Single by Tyler, the Creator featuring Rex Orange County and Anna of the North

from the album Flower Boy
- Released: July 11, 2017
- Genre: Alternative R&B; trip hop; neo-soul;
- Length: 5:21
- Label: Columbia; Sony Music;
- Songwriter: Tyler Okonma
- Producer: Okonma

Tyler, the Creator singles chronology
| "911 / Mr. Lonely" (2017) | "Boredom" (2017) | "I Ain't Got Time!" (2017) |

Rex Orange County singles chronology
| "Never Enough" (2017) | "Boredom" (2017) | "Edition" (2017) |

Anna of the North singles chronology
| "Someone" (2017) | "Boredom" (2017) | "Money" (2017) |

= Boredom (Tyler, the Creator song) =

2017 song by Tyler, the Creator

"Boredom" is a song written, produced, and performed by American rapper and producer Tyler, the Creator featuring vocals from English singer Rex Orange County and Norwegian singer Anna of the North, with additional vocals from fellow English singer Corinne Bailey Rae. It was released on July 11, 2017, as the second single from Tyler's fourth studio album Flower Boy.

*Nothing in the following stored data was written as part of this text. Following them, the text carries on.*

lemma alpha_shift_ev_eq_continuant:
  assumes "r < k"
  shows "alpha_shift_ev k (r + 1) a e (int k - int r - 2) = continuant (per k a) (per k e) (r + 1) (k - 1 - r)"
proof (cases "r = k - 1")
  case True
  then show ?thesis unfolding alpha_shift_ev_def alpha_def by simp
next
  case False
  with assms have arg: "int k - int r - 2 = int (k - r - 2)" and len: "Suc (k - r - 2) = k - 1 - r"
    by auto
  have "alpha_shift_ev k (r + 1) a e (int k - int r - 2)
      = continuant (\<lambda>i. per k a (r + 1 + i)) (\<lambda>i. per k e (r + 1 + i)) 0 (Suc (k - r - 2))"
    unfolding alpha_shift_ev_def arg using assms by (intro alpha_of_nat_eq_continuant) simp
  then show ?thesis
    unfolding continuant_shift len by simp
qed

lemma beta_ev_diag:
  assumes "0 < k"
  shows "beta_ev k a e k = e k * continuant a e 1 (k - 1)"
proof (cases "k < 2")
  case True
  with assms show ?thesis unfolding beta_ev_def by simp
next
  case False
  then have "{2..<k - 1} = {2..<2 + (k - 2) - 1}" "{2..<k} = {2..<2 + (k - 2)}" "Suc (k - 2) = k - 1"
    by auto
  with False have "beta_ev k a e k = e k * no_consec_sum a e 2 (k - 2)"
    unfolding beta_ev_def no_consec_sum_def sum_distrib_left by (simp add: mult.assoc)
  then show ?thesis
    using no_consec_sum_eq_continuant[of a e 1 "k - 2"] \<open>Suc (k - 2) = k - 1\<close>
    by (simp add: numeral_2_eq_2)
qed

text \<open>Trace and determinant of the transfer matrix over one period.\<close>

definition period_trace :: "(nat \<Rightarrow> 'a::comm_ring_1) \<Rightarrow> (nat \<Rightarrow> 'a) \<Rightarrow> nat \<Rightarrow> 'a" where
  "period_trace x y k = continuant x y 0 (k + 1) + y k * continuant x y 1 (k - 1)"

definition period_det :: "(nat \<Rightarrow> 'a::comm_ring_1) \<Rightarrow> nat \<Rightarrow> 'a" where
  "period_det y k = (-1) ^ k * (\<Prod>i\<in>{1..k}. y i)"

lemma pi_ev_eq_period_trace:
  assumes "0 < k"
  shows "pi_ev k a e k = period_trace (per k a) (per k e) k"
proof -
  have "continuant a e 1 (k - 1) = continuant (per k a) (per k e) 1 (k - 1)"
    by (rule continuant_cong) (auto simp: per_eq)
  with assms show ?thesis
    unfolding pi_ev_def period_trace_def
    by (simp add: alpha_ev_eq_continuant beta_ev_diag per_eq)
qed

section \<open>Chebyshev polynomials\<close>

definition Ucheb_term :: "'a::comm_ring_1 \<Rightarrow> 'a \<Rightarrow> nat \<Rightarrow> nat \<Rightarrow> 'a" where
  "Ucheb_term x y m i = (-1) ^ i * of_nat ((m - i) choose i) * x ^ (m - 2 * i) * y ^ i"

lemma Ucheb_term_eq_0: "m < 2 * i \<Longrightarrow> Ucheb_term x y m i = 0"
  unfolding Ucheb_term_def by (simp add: binomial_eq_0)

lemma Ucheb_Suc_eq_sum:
  assumes "m \<le> N"
  shows "Ucheb (Suc m) x y = (\<Sum>i\<le>N. Ucheb_term x y m i)"
proof -
  have "Ucheb (Suc m) x y = (\<Sum>i\<in>{0..m div 2}. Ucheb_term x y m i)"
    unfolding Ucheb_def Ucheb_term_def by simp
  also have "\<dots> = (\<Sum>i\<le>N. Ucheb_term x y m i)"
    by (rule sum.mono_neutral_left) (use assms in \<open>auto intro!: Ucheb_term_eq_0\<close>)
  finally show ?thesis .
qed

lemma Ucheb_term_Suc_Suc:
  "Ucheb_term x y (Suc (Suc m)) (Suc i) = x * Ucheb_term x y (Suc m) (Suc i) - y * Ucheb_term x y m i"
proof (cases "i \<le> m")
  case True
  then obtain p where m: "m = i + p" using le_Suc_ex by blast
  have pascal: "of_nat (Suc p choose Suc i) = (of_nat (p choose Suc i) + of_nat (p choose i) :: 'a)"
    by simp
  have power: "x ^ (p - i) = x * x ^ (p - Suc i)" if "i < p"
    using that by (metis Suc_diff_Suc power_Suc)
  have vanish: "p choose Suc i = 0" if "\<not> i < p"
    using that by (simp add: binomial_eq_0)
  show ?thesis
    unfolding Ucheb_term_def m by (cases "i < p") (simp_all add: pascal power vanish algebra_simps)
next
  case False
  then show ?thesis by (simp add: Ucheb_term_eq_0)
qed

lemma Ucheb_Suc_Suc: "Ucheb (Suc (Suc n)) x y = x * Ucheb (Suc n) x y - y * Ucheb n x y"
proof (cases n)
  case 0
  then show ?thesis by (simp add: Ucheb_def)
next
  case (Suc m)
  let ?T = "Ucheb_term x y"
  have "Ucheb (Suc (Suc n)) x y = (\<Sum>i\<le>Suc n. ?T (Suc n) i)"
    by (rule Ucheb_Suc_eq_sum) simp
  also have "\<dots> = ?T (Suc n) 0 + (\<Sum>i\<le>n. ?T (Suc n) (Suc i))"
    by (rule sum.atMost_Suc_shift)
  also have "\<dots> = x * (?T n 0 + (\<Sum>i\<le>n. ?T n (Suc i))) - y * (\<Sum>i\<le>n. ?T m i)"
    unfolding Suc Ucheb_term_Suc_Suc by (simp add: Ucheb_term_def sum_subtractf sum_distrib_left algebra_simps)
  also have "?T n 0 + (\<Sum>i\<le>n. ?T n (Suc i)) = Ucheb (Suc n) x y"
    using sum.atMost_Suc_shift[of "?T n" n] Ucheb_Suc_eq_sum[of n "Suc n" x y] by simp
  also have "(\<Sum>i\<le>n. ?T m i) = Ucheb n x y"
    unfolding Suc by (rule Ucheb_Suc_eq_sum[symmetric]) simp
  finally show ?thesis .
qed

lemma Ucheb_solves_recurrence:
  fixes u :: "nat \<Rightarrow> 'a::comm_ring_1"
  assumes "\<And>j. u (Suc (Suc j)) = t * u (Suc j) - d * u j"
  shows "u (Suc j) = Ucheb (Suc j) t d * u 1 - d * Ucheb j t d * u 0"
proof (induction j rule: induct_nat_012)
  case (ge2 j)
  have "u (Suc (Suc (Suc j))) = t * u (Suc (Suc j)) - d * u (Suc j)"
    by (rule assms)
  also have "\<dots> = (t * Ucheb (Suc (Suc j)) t d - d * Ucheb (Suc j) t d) * u 1
      - d * (t * Ucheb (Suc j) t d - d * Ucheb j t d) * u 0"
    unfolding ge2 by (simp add: algebra_simps)
  finally show ?case
    unfolding Ucheb_Suc_Suc .
qed (simp_all add: Ucheb_def assms)

section \<open>Periodic continuants\<close>

text \<open>Cayley-Hamilton for the matrix \<open>[[A, B], [C, D]]\<close>.\<close>

lemma coupled_recurrence_elim:
  fixes u v :: "nat \<Rightarrow> 'a::comm_ring_1"
  assumes "\<And>j. u (Suc j) = A * u j + B * v j" and "\<And>j. v (Suc j) = C * u j + D * v j"
  shows "u (Suc (Suc j)) = (A + D) * u (Suc j) - (A * D - B * C) * u j"
  using assms[of "Suc j"] assms[of j] by (simp add: algebra_simps)

lemma periodic_continuant_recurrence:
  fixes x y :: "nat \<Rightarrow> 'a::comm_ring_1" and r :: nat
  assumes k: "0 < k" and px: "\<And>i. x (i + k) = x i" and py: "\<And>i. y (i + k) = y i"
  defines "u \<equiv> \<lambda>j. continuant x y 0 (j * k + r + 1)"
  shows "u (Suc (Suc j)) = period_trace x y k * u (Suc j) - period_det y k * u j"
proof -
  define v where "v j = continuant x y 1 (j * k + r)" for j
  define A where "A = continuant x y 0 (k + 1)"
  define B where "B = y k * continuant x y 0 k"
  define C where "C = continuant x y 1 k"
  define D where "D = y k * continuant x y 1 (k - 1)"
  have period: "continuant x y k n = continuant x y 0 n" "continuant x y (Suc k) n = continuant x y 1 n" for n
    using continuant_periodic[of x k y 0 n] continuant_periodic[of x k y 1 n] px py by (simp_all add: add.commute)
  have "u (Suc j) = A * u j + B * v j" for j
    using continuant_split[of x y 0 k "j * k + r"]
    by (simp add: u_def v_def A_def B_def period add.assoc add.left_commute)
  moreover have "v (Suc j) = C * u j + D * v j" for j
    using continuant_split[of x y 1 "k - 1" "j * k + r"] k
    by (simp add: u_def v_def C_def D_def period add.assoc add.left_commute)
  ultimately have "u (Suc (Suc j)) = (A + D) * u (Suc j) - (A * D - B * C) * u j"
    by (rule coupled_recurrence_elim)
  moreover have "A + D = period_trace x y k"
    unfolding A_def D_def period_trace_def ..
  moreover have "A * D - B * C = period_det y k"
  proof -
    obtain p where p: "k = Suc p"
      using k gr0_implies_Suc by blast
    have "A * D - B * C = y k * (continuant x y 0 (p + 2) * continuant x y (0 + 1) p
        - continuant x y 0 (p + 1) * continuant x y (0 + 1) (p + 1))"
      unfolding A_def B_def C_def D_def p by (simp add: algebra_simps)
    also have "\<dots> = period_det y k"
      unfolding continuant_casoratian period_det_def p by (simp add: prod.nat_ivl_Suc' algebra_simps)
    finally show ?thesis .
  qed
  ultimately show ?thesis by simp
qed

lemma periodic_continuant_Ucheb:
  fixes x y :: "nat \<Rightarrow> 'a::comm_ring_1"
  assumes "0 < k" and "\<And>i. x (i + k) = x i" and "\<And>i. y (i + k) = y i"
  defines "U \<equiv> \<lambda>j. Ucheb j (period_trace x y k) (period_det y k)"
  shows "continuant x y 0 (Suc j * k + r + 1)
      = U (Suc j) * continuant x y 0 (k + r + 1) - period_det y k * U j * continuant x y 0 (r + 1)"
  using Ucheb_solves_recurrence[where u = "\<lambda>j. continuant x y 0 (j * k + r + 1)",
      OF periodic_continuant_recurrence[where x = x and y = y and k = k, OF assms(1-3)]]
  unfolding U_def by simp

lemma periodic_continuant_remainder:
  fixes x y :: "nat \<Rightarrow> 'a::comm_ring_1"
  assumes k: "0 < k" and px: "\<And>i. x (i + k) = x i" and py: "\<And>i. y (i + k) = y i" and "r < k"
  shows "continuant x y 0 (k + r + 1) - period_trace x y k * continuant x y 0 (r + 1)
      = (-1) ^ (r + 1) * y k * (\<Prod>i\<in>{1..r}. y i) * continuant x y (r + 1) (k - 1 - r)"
proof -
  have "continuant x y 0 (k + r + 1)
      = continuant x y 0 (k + 1) * continuant x y 0 (r + 1) + y k * continuant x y 0 k * continuant x y 1 r"
    using continuant_split[of x y 0 k r] continuant_periodic[of x k y 0] continuant_periodic[of x k y 1] px py
    by (simp add: add.commute)
  then have "continuant x y 0 (k + r + 1) - period_trace x y k * continuant x y 0 (r + 1)
      = y k * (continuant x y 0 (k - 1 + 1) * continuant x y (0 + 1) r
               - continuant x y (0 + 1) (k - 1) * continuant x y 0 (r + 1))"
    using k unfolding period_trace_def by (simp add: algebra_simps)
  also have "\<dots> = y k * ((-1) ^ (r + 1) * (\<Prod>i\<in>{0+1..0+r}. y i) * continuant x y (0 + r + 1) (k - 1 - r))"
    using assms by (subst continuant_exchange) simp_all
  finally show ?thesis
    by (simp add: algebra_simps)
qed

== Background and composition ==
Produced by Tyler, the Creator, the instrumental of the song opens with a guitar strum, followed by drum rolls and waves of electric organ. A flanging effect can be heard throughout the song. Tyler expresses his boredom, along with feelings of loneliness and isolation in the song. In an interview with comedian Jerrod Carmichael, Tyler spoke about him writing the song:I wrote that 5pm on a Saturday, laying on my back, looking so bored. It was nothing to do. No one was hitting me back. Jasper was in the other room, bored out of his mind but I didn't see him all day. My room was warm as hell because I like the heater on and it was nothing to eat but dry cereal. And I'm sitting there like what the fuck am I gonna do? I literally wrote that verse in like ten seconds.

== Charts ==

| Chart (2017) | Peak position |
|---|---|
| New Zealand Heatseekers (RMNZ) | 10 |
| US Bubbling Under R&B/Hip-Hop Singles (Billboard) | 9 |

== Certifications ==

| Region | Certification | Certified units/sales |
| Canada (Music Canada) | Gold | 40,000^{‡} |
| Norway (IFPI Norway) | Gold | 30,000^{‡} |
| United States (RIAA) | Platinum | 1,000,000^{‡} |
^{‡} Sales+streaming figures based on certification alone.